◆ ABOUT THIS TASK:
For this listing, the lines between the one holding "obtain n where" and the one holding "using a by (rule_tac", inclusive, must be set down exactly.

◆ MATERIAL PROVIDED:
++++++++

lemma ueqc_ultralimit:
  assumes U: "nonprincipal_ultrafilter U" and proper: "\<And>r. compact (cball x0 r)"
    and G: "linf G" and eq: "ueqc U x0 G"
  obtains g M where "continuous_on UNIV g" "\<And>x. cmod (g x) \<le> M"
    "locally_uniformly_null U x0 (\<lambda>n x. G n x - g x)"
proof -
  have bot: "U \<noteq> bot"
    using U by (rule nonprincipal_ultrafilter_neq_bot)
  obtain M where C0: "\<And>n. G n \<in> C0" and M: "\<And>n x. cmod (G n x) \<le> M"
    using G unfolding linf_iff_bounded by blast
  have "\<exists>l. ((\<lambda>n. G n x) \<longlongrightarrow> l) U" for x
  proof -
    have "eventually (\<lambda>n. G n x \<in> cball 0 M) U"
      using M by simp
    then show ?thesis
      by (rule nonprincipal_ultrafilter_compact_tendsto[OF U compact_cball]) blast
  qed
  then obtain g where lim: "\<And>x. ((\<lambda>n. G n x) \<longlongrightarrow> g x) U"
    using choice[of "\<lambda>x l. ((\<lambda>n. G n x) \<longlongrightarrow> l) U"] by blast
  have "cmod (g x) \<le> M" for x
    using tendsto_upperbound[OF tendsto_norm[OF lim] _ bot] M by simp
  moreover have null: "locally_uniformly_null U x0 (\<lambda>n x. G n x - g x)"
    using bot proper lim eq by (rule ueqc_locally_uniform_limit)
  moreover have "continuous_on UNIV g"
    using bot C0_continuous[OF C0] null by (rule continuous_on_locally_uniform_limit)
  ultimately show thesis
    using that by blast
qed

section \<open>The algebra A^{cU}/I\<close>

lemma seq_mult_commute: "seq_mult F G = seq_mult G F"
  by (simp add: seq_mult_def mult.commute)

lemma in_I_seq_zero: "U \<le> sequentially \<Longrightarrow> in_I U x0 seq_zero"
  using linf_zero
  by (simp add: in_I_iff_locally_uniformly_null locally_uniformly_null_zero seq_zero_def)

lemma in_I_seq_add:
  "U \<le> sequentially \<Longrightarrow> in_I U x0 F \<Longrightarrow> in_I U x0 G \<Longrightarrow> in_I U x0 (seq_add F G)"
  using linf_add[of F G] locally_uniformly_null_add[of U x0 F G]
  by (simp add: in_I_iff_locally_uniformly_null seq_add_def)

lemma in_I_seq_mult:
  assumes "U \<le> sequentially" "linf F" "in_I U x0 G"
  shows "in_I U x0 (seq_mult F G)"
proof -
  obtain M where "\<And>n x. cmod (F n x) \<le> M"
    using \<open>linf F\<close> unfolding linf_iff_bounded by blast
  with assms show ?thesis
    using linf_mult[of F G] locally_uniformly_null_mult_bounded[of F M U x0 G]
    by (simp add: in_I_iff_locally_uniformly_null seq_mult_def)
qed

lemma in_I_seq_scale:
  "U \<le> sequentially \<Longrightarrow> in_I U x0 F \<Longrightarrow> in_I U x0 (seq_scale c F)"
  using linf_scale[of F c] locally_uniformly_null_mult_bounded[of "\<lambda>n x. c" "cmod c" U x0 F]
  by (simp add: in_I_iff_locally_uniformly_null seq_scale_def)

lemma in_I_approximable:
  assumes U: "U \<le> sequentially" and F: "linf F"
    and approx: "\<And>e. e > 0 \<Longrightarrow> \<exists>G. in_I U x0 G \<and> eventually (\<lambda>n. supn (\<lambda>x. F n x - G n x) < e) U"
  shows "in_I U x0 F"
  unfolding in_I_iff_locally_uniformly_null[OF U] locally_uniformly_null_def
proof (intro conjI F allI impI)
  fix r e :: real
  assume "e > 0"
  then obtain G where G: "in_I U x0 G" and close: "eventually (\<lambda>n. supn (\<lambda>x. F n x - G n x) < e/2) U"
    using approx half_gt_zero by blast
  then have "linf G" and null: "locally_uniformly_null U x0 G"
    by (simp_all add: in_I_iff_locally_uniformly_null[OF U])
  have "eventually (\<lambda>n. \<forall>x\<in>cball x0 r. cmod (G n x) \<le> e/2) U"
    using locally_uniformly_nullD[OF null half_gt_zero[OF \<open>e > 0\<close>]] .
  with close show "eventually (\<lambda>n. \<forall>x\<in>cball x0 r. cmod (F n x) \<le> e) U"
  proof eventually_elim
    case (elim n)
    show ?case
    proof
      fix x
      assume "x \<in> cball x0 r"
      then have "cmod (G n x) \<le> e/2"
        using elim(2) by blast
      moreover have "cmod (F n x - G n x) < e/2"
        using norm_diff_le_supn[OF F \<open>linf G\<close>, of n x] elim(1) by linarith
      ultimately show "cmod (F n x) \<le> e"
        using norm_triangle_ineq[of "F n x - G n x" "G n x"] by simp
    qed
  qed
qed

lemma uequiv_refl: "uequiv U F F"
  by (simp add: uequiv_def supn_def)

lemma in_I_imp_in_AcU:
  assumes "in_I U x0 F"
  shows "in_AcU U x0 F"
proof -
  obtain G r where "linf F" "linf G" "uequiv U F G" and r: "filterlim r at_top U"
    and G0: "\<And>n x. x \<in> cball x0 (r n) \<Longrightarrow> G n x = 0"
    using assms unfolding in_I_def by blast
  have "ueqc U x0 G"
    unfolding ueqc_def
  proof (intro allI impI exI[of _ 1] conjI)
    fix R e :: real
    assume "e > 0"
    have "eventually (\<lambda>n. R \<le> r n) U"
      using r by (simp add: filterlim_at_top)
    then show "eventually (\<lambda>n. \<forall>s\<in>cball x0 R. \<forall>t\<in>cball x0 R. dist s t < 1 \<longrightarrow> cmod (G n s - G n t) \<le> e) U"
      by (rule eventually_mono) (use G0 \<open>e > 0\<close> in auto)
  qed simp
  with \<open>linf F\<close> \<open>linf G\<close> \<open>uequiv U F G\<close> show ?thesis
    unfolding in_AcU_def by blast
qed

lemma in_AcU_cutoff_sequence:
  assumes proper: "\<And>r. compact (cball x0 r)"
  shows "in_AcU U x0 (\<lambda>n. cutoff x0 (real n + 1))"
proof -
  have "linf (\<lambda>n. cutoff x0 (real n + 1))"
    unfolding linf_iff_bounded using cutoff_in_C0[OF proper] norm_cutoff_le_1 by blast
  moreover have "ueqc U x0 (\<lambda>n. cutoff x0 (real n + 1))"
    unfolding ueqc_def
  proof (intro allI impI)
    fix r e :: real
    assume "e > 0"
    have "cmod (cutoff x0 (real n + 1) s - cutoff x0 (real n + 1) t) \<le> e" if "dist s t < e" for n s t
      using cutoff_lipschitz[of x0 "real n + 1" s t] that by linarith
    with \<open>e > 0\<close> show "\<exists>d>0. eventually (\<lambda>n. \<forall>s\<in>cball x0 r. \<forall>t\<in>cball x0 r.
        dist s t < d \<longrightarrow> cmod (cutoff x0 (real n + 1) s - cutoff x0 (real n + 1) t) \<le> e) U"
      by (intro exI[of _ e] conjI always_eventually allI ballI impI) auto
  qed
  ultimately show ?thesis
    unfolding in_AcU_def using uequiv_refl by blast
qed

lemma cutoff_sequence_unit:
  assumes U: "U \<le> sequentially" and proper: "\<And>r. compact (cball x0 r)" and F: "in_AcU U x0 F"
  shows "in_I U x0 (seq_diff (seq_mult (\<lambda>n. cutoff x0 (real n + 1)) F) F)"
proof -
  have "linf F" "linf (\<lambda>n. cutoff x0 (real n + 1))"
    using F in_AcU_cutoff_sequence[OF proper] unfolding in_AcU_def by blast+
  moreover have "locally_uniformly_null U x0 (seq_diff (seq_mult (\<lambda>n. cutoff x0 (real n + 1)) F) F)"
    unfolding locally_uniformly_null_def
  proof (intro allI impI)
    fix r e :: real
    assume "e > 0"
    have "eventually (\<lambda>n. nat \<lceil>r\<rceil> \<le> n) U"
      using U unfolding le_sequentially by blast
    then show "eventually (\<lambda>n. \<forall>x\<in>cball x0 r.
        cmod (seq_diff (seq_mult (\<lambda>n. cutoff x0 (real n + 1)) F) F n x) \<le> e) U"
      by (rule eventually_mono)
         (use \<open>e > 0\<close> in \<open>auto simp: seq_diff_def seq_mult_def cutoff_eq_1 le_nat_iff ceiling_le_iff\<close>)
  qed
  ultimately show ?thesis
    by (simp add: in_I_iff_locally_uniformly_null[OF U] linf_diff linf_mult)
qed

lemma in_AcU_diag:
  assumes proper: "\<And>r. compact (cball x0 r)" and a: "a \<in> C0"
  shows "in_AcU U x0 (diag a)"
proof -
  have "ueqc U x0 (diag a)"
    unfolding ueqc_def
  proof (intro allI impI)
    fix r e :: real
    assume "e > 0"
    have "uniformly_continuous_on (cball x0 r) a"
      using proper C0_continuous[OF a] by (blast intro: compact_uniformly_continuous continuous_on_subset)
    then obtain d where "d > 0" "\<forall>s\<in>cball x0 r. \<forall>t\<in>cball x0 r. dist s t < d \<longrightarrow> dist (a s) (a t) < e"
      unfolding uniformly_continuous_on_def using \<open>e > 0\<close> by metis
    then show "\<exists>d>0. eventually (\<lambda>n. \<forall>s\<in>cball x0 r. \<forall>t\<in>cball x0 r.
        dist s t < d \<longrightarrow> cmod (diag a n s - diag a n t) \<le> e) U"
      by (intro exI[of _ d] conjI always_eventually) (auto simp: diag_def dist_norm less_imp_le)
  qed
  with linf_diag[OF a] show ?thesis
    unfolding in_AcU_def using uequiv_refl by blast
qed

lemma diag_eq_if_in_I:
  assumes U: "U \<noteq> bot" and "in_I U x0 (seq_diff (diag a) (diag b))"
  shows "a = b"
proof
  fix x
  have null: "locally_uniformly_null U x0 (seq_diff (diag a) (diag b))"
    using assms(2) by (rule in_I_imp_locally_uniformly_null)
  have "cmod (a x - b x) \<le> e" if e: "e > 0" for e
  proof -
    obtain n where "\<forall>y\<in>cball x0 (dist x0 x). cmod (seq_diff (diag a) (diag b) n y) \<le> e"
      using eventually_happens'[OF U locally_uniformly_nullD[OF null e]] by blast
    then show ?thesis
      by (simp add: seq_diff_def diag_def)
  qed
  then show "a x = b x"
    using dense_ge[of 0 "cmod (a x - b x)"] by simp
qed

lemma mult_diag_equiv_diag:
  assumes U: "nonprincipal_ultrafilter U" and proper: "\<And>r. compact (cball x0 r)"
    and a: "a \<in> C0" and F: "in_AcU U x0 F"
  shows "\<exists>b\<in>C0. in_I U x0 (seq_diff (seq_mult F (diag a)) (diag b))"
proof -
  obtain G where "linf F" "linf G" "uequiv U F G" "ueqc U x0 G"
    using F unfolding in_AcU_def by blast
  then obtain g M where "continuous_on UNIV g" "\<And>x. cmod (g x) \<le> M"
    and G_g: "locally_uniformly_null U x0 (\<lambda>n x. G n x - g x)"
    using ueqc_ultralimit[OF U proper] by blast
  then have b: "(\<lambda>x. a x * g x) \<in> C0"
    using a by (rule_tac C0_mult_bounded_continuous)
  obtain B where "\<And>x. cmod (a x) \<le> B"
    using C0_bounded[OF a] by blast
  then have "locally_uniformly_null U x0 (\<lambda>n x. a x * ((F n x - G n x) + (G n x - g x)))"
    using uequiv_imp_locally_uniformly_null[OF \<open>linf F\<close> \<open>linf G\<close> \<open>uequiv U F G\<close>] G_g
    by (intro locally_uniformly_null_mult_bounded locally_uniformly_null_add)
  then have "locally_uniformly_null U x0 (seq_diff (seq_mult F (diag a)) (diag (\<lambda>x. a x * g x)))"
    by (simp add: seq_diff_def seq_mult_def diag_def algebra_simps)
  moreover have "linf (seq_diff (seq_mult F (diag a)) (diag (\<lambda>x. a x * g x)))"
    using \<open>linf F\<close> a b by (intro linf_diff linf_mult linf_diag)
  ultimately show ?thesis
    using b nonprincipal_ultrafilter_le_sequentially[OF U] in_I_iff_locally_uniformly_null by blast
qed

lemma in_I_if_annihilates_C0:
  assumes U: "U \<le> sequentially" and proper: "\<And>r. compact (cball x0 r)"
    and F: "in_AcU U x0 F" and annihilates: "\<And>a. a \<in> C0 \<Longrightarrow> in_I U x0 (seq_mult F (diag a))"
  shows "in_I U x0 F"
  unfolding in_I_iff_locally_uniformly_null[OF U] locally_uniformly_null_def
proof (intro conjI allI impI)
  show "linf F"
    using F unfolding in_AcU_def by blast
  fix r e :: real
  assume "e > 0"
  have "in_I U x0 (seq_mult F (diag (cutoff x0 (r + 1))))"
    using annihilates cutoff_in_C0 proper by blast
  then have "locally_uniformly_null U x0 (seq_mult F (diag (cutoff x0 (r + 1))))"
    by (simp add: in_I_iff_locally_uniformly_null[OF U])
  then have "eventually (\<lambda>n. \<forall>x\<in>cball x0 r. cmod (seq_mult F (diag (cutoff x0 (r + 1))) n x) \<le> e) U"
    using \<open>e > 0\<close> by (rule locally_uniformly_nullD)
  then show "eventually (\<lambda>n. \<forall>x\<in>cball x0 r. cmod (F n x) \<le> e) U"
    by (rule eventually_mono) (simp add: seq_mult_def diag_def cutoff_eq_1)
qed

++++++++

◆ RESULT FOR THIS EXERCISE:
    obtain n where "\<forall>y\<in>cball x0 (dist x0 x). cmod (seq_diff (diag a) (diag b) n y) \<le> e"
      using eventually_happens'[OF U locally_uniformly_nullD[OF null e]] by blast
    then show ?thesis
      by (simp add: seq_diff_def diag_def)
  qed
  then show "a x = b x"
    using dense_ge[of 0 "cmod (a x - b x)"] by simp
qed

lemma mult_diag_equiv_diag:
  assumes U: "nonprincipal_ultrafilter U" and proper: "\<And>r. compact (cball x0 r)"
    and a: "a \<in> C0" and F: "in_AcU U x0 F"
  shows "\<exists>b\<in>C0. in_I U x0 (seq_diff (seq_mult F (diag a)) (diag b))"
proof -
  obtain G where "linf F" "linf G" "uequiv U F G" "ueqc U x0 G"
    using F unfolding in_AcU_def by blast
  then obtain g M where "continuous_on UNIV g" "\<And>x. cmod (g x) \<le> M"
    and G_g: "locally_uniformly_null U x0 (\<lambda>n x. G n x - g x)"
    using ueqc_ultralimit[OF U proper] by blast
  then have b: "(\<lambda>x. a x * g x) \<in> C0"
    using a by (rule_tac C0_mult_bounded_continuous)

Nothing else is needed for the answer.